Data listing =>
_____

(* Let $\mathbf{X}$ and $\mathbf{Y}$ be Euclidean spaces, let $Q\subset\mathbf{Y}$ be a nonempty closed set, let $F\colon\mathbf{X}\to\mathbf{Y}$, and let $\bar x\in\mathbf{X}$. Suppose that $F$ is continuously differentiable around $\bar x$ with one-to-one derivative $\nabla F(\bar x)$, that $F(\bar x)\in Q$, and that there exists an angle $\alpha>0$ such that whenever two vectors $x,x'\in\mathbf{X}$ near $\bar x$ satisfy \[ \nabla F(x')^*\big(y-F(x')\big)=0\quad\text{and}\quad F(x)\neq y\neq F(x')\quad\text{for some } y\in P_Q\big(F(x)\big), \] then the angle between the vectors $F(x)-y$ and $F(x')-y$ is at least $\alpha$. Consider the linearized alternating projections method: given the current iterate $x$, while $F(x)\notin Q$, choose $y\in P_Q(F(x))$, choose $s\in\mathbf{X}$ minimizing $|F(x)+\nabla F(x)s-y|$, and set $x\leftarrow x+s$. Then, starting from any point $x\in\mathbf{X}$ sufficiently close to $\bar x$, this method converges linearly to a point in the solution set $F^{-1}(Q)$.
   Context: $P_Q(v)$ denotes the set of nearest points of $Q$ to $v$; ${}^*$ denotes the adjoint of a linear map. A sequence $(x^k)$ converges linearly to $\hat x$ if there exist constants $c\in(0,1)$ and $\rho>0$ with $|x^k-\hat x|<\rho c^k$ for all $k$. *)

theory Defs
  imports "HOL-Analysis.Analysis"
begin

definition proj_set :: "'a::real_normed_vector set \<Rightarrow> 'a \<Rightarrow> 'a set" where
  "proj_set Q v = {q \<in> Q. \<forall>q'\<in>Q. norm (v - q) \<le> norm (v - q')}"

definition vec_angle :: "'a::real_inner \<Rightarrow> 'a \<Rightarrow> real" where
  "vec_angle u v = arccos ((u \<bullet> v) / (norm u * norm v))"

definition converges_linearly :: "(nat \<Rightarrow> 'a::real_normed_vector) \<Rightarrow> 'a \<Rightarrow> bool" where
  "converges_linearly xs xhat \<longleftrightarrow>
     (\<exists>c \<rho>. 0 < c \<and> c < 1 \<and> 0 < \<rho> \<and> (\<forall>k. norm (xs k - xhat) < \<rho> * c ^ k))"

text \<open>One step of the linearized alternating projections method, with derivative F'.
  If F x is already in Q the method has stopped; we then keep the iterate constant.\<close>
definition lap_step :: "('a::euclidean_space \<Rightarrow> 'b::euclidean_space) \<Rightarrow> ('a \<Rightarrow> ('a \<Rightarrow>\<^sub>L 'b))
    \<Rightarrow> 'b set \<Rightarrow> 'a \<Rightarrow> 'a \<Rightarrow> bool" where
  "lap_step F F' Q x x_next \<longleftrightarrow>
     (if F x \<in> Q then x_next = x
      else (\<exists>y \<in> proj_set Q (F x). \<exists>s.
              (\<forall>s'. norm (F x + F' x s - y) \<le> norm (F x + F' x s' - y)) \<and>
              x_next = x + s))"

end

theory Submission
  imports Defs
begin

text \<open>
  Let y be a nearest point of Q to F x. Minimising the distance from F z to y over a small ball
  around xbar gives a point x' near x at which F x' - y is orthogonal to the range of the
  derivative at x' (Fermat's rule). The angle condition then bounds the distance from F x' to y by
  cos alpha times the distance from F x to y, up to linearisation errors. Since x' - x is a
  competitor in the least-squares subproblem, one step of the method shrinks the distance from F x
  to Q by a fixed factor below 1 and moves x by at most a constant times that distance. Hence the
  distances decay geometrically, the steps are summable, and the iterates converge linearly to a
  point mapped into the closed set Q.
\<close>

lemma proj_set_subset: "proj_set Q v \<subseteq> Q"
  by (auto simp: proj_set_def)

lemma infdist_eq_norm_if_proj_set:
  assumes "y \<in> proj_set Q v"
  shows "infdist v Q = norm (v - y)"
proof -
  have "y \<in> Q" and "\<forall>q\<in>Q. norm (v - y) \<le> norm (v - q)"
    using assms by (auto simp: proj_set_def)
  then have "norm (v - y) \<le> infdist v Q"
    unfolding infdist_def by (auto intro!: cINF_greatest simp: dist_norm)
  moreover have "infdist v Q \<le> norm (v - y)"
    using infdist_le[OF \<open>y \<in> Q\<close>] by (simp add: dist_norm)
  ultimately show ?thesis by linarith
qed

lemma adjoint_eq_0_if_orthogonal_range:
  fixes f :: "'a::euclidean_space \<Rightarrow> 'b::euclidean_space"
  assumes "linear f" and "\<And>h. w \<bullet> f h = 0"
  shows "adjoint f w = 0"
proof -
  have "adjoint f w \<bullet> adjoint f w = f (adjoint f w) \<bullet> w"
    by (rule adjoint_works[OF \<open>linear f\<close>])
  also have "\<dots> = 0"
    using assms(2) by (simp add: inner_commute)
  finally show ?thesis by simp
qed

lemma inner_le_cos_mult_norm_if_vec_angle_ge:
  fixes u v :: "'a::real_inner"
  assumes "\<beta> \<le> vec_angle u v" and "0 \<le> \<beta>"
  shows "u \<bullet> v \<le> cos \<beta> * (norm u * norm v)"
proof (cases "u = 0 \<or> v = 0")
  case True
  then show ?thesis by auto
next
  case False
  let ?t = "(u \<bullet> v) / (norm u * norm v)"
  have pos: "norm u * norm v > 0"
    using False by simp
  have "-1 \<le> ?t" "?t \<le> 1"
    using Cauchy_Schwarz_ineq2[of u v] pos by (auto simp: divide_simps abs_le_iff)
  have "cos (vec_angle u v) \<le> cos \<beta>"
    using assms arccos_ubound[OF \<open>-1 \<le> ?t\<close> \<open>?t \<le> 1\<close>]
    by (intro cos_monotone_0_pi_le) (auto simp: vec_angle_def)
  then have "?t \<le> cos \<beta>"
    using \<open>-1 \<le> ?t\<close> \<open>?t \<le> 1\<close> by (simp add: vec_angle_def)
  then show ?thesis
    using pos by (simp add: divide_simps)
qed

lemma orthogonal_derivative_at_local_min_dist:
  fixes F :: "'a::real_normed_vector \<Rightarrow> 'b::real_inner"
  assumes F': "(F has_derivative F') (at x)"
    and min: "\<forall>\<^sub>F z in at x. norm (F x - y) \<le> norm (F z - y)"
  shows "(F x - y) \<bullet> F' h = 0"
proof -
  have "((\<lambda>z. (F z - y) \<bullet> (F z - y)) has_derivative (\<lambda>h. (F x - y) \<bullet> F' h + F' h \<bullet> (F x - y))) (at x)"
    using F' by (auto intro!: derivative_eq_intros)
  moreover have "\<forall>\<^sub>F z in at x. (F x - y) \<bullet> (F x - y) \<le> (F z - y) \<bullet> (F z - y)"
    using min by eventually_elim (simp add: power_mono flip: power2_norm_eq_inner)
  ultimately have "(\<lambda>h. (F x - y) \<bullet> F' h + F' h \<bullet> (F x - y)) = (\<lambda>h. 0)"
    by (rule has_derivative_local_min)
  from fun_cong[OF this, of h] show ?thesis
    by (simp add: inner_commute)
qed

lemma geometric_steps_imp_convergent:
  fixes xs :: "nat \<Rightarrow> 'a::banach"
  assumes c: "0 \<le> c" "c < 1" and steps: "\<And>k. norm (xs (Suc k) - xs k) \<le> K * c ^ k"
  obtains xhat where "xs \<longlonglongrightarrow> xhat" and "\<And>k. norm (xs k - xhat) \<le> K * c ^ k / (1 - c)"
proof -
  define d where "d k = xs (Suc k) - xs k" for k
  have geom: "(\<lambda>i. K * c ^ i) sums (K / (1 - c))"
    using c sums_mult[OF geometric_sums, of c K] by (simp add: field_simps)
  have "summable d"
    by (rule summable_comparison_test'[OF sums_summable[OF geom]]) (simp add: d_def steps)
  have partial: "(\<Sum>i<n. d i) = xs n - xs 0" for n
    by (simp add: d_def sum_lessThan_telescope)
  have "(\<lambda>n. xs 0 + (\<Sum>i<n. d i)) \<longlonglongrightarrow> xs 0 + suminf d"
    by (intro tendsto_add tendsto_const summable_LIMSEQ \<open>summable d\<close>)
  then have lim: "xs \<longlonglongrightarrow> xs 0 + suminf d"
    by (simp add: partial)
  have "norm (xs k - (xs 0 + suminf d)) \<le> K * c ^ k / (1 - c)" for k
  proof -
    have tail_sum: "xs 0 + suminf d - xs k = (\<Sum>i. d (i + k))"
      using suminf_split_initial_segment[OF \<open>summable d\<close>, of k] by (simp add: partial)
    have tail_geom: "(\<lambda>i. K * c ^ (i + k)) sums (K * c ^ k / (1 - c))"
      using sums_mult[OF geom, of "c ^ k"] by (simp add: power_add field_simps)
    have "norm (\<Sum>i. d (i + k)) \<le> (\<Sum>i. K * c ^ (i + k))"
      using steps sums_summable[OF tail_geom] by (intro norm_suminf_le) (auto simp: d_def)
    then show ?thesis
      using tail_sum sums_unique[OF tail_geom] by (metis norm_minus_commute)
  qed
  then show ?thesis
    using that lim by blast
qed

lemma converges_linearlyI:
  assumes "0 \<le> c" "c < 1" and bound: "\<And>k. norm (xs k - xhat) \<le> M * c ^ k"
  shows "converges_linearly xs xhat"
proof -
  define c' where "c' = (1 + c) / 2"
  have c': "0 < c'" "c' < 1" "c \<le> c'"
    using assms(1,2) by (auto simp: c'_def)
  have "0 \<le> M"
    using order_trans[OF norm_ge_zero bound[of 0]] by simp
  have "norm (xs k - xhat) < (M + 1) * c' ^ k" for k
  proof -
    have "M * c ^ k \<le> M * c' ^ k"
      using \<open>0 \<le> M\<close> c' assms(1) by (intro mult_left_mono power_mono) auto
    moreover have "0 < c' ^ k"
      using c' by simp
    ultimately show ?thesis
      using bound[of k] by (simp add: algebra_simps)
  qed
  then show ?thesis
    unfolding converges_linearly_def using c' \<open>0 \<le> M\<close>
    by (intro exI[of _ c'] exI[of _ "M + 1"]) auto
qed

lemma norm_diff_le_geometric_sum:
  fixes xs :: "nat \<Rightarrow> 'a::real_normed_vector"
  assumes "c \<noteq> 1" and steps: "\<And>j. j < k \<Longrightarrow> norm (xs (Suc j) - xs j) \<le> K * c ^ j"
  shows "norm (xs k - xs 0) \<le> K * (1 - c ^ k) / (1 - c)"
proof -
  have "norm (xs k - xs 0) = norm (\<Sum>j<k. xs (Suc j) - xs j)"
    by (simp add: sum_lessThan_telescope)
  also have "\<dots> \<le> (\<Sum>j<k. K * c ^ j)"
    using steps by (intro order_trans[OF norm_sum sum_mono]) auto
  also have "\<dots> = K * (1 - c ^ k) / (1 - c)"
    using \<open>c \<noteq> 1\<close> by (simp add: sum_distrib_left[symmetric] sum_gp_strict)
  finally show ?thesis .
qed

lemma iterates_stay_in_ball:
  fixes xs :: "nat \<Rightarrow> 'a::real_normed_vector" and D :: "nat \<Rightarrow> real"
  assumes step: "\<And>k. xs k \<in> ball a R \<Longrightarrow> D (Suc k) \<le> c * D k \<and> norm (xs (Suc k) - xs k) \<le> M * D k"
    and c: "0 \<le> c" "c < 1" and "0 \<le> M" "0 \<le> D 0"
    and start: "norm (xs 0 - a) + M * D 0 / (1 - c) < R"
  shows "xs k \<in> ball a R" and "D k \<le> c ^ k * D 0"
    and "norm (xs (Suc k) - xs k) \<le> M * D 0 * c ^ k"
proof -
  have step_le: "norm (xs (Suc j) - xs j) \<le> M * D 0 * c ^ j"
    if "xs j \<in> ball a R" "D j \<le> c ^ j * D 0" for j
  proof -
    have "M * D j \<le> M * D 0 * c ^ j"
      using mult_left_mono[OF that(2) \<open>0 \<le> M\<close>] by (simp add: mult_ac)
    then show ?thesis
      using step[OF that(1)] by linarith
  qed
  have "0 \<le> M * D 0"
    using \<open>0 \<le> M\<close> \<open>0 \<le> D 0\<close> by simp
  have inv: "\<forall>j\<le>k. xs j \<in> ball a R \<and> D j \<le> c ^ j * D 0" for k
  proof (induction k)
    case 0
    have "0 \<le> M * D 0 / (1 - c)"
      using \<open>0 \<le> M * D 0\<close> c by simp
    then show ?case
      using start by (simp add: dist_norm norm_minus_commute)
  next
    case (Suc k)
    have "D (Suc k) \<le> c ^ Suc k * D 0"
      using Suc step mult_left_mono[of "D k" "c ^ k * D 0" c] c(1) by fastforce
    moreover have "norm (xs (Suc k) - a) < R"
    proof -
      have "norm (xs (Suc k) - xs 0) \<le> M * D 0 * (1 - c ^ Suc k) / (1 - c)"
        using c(2) Suc step_le by (intro norm_diff_le_geometric_sum) auto
      also have "\<dots> \<le> M * D 0 / (1 - c)"
        using \<open>0 \<le> M * D 0\<close> c by (intro divide_right_mono mult_left_le) auto
      finally show ?thesis
        using start norm_triangle_ineq[of "xs 0 - a" "xs (Suc k) - xs 0"] by simp
    qed
    ultimately show ?case
      using Suc by (auto simp: dist_norm norm_minus_commute le_Suc_eq)
  qed
  then show "xs k \<in> ball a R" and "D k \<le> c ^ k * D 0"
    by auto
  then show "norm (xs (Suc k) - xs k) \<le> M * D 0 * c ^ k"
    by (rule step_le)
qed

_____

Work instruction => Go through the material above, and wherever a line holds the word "nearest", copy it.

Solved problem =>
   Context: $P_Q(v)$ denotes the set of nearest points of $Q$ to $v$; ${}^*$ denotes the adjoint of a linear map. A sequence $(x^k)$ converges linearly to $\hat x$ if there exist constants $c\in(0,1)$ and $\rho>0$ with $|x^k-\hat x|<\rho c^k$ for all $k$. *)
  Let y be a nearest point of Q to F x. Minimising the distance from F z to y over a small ball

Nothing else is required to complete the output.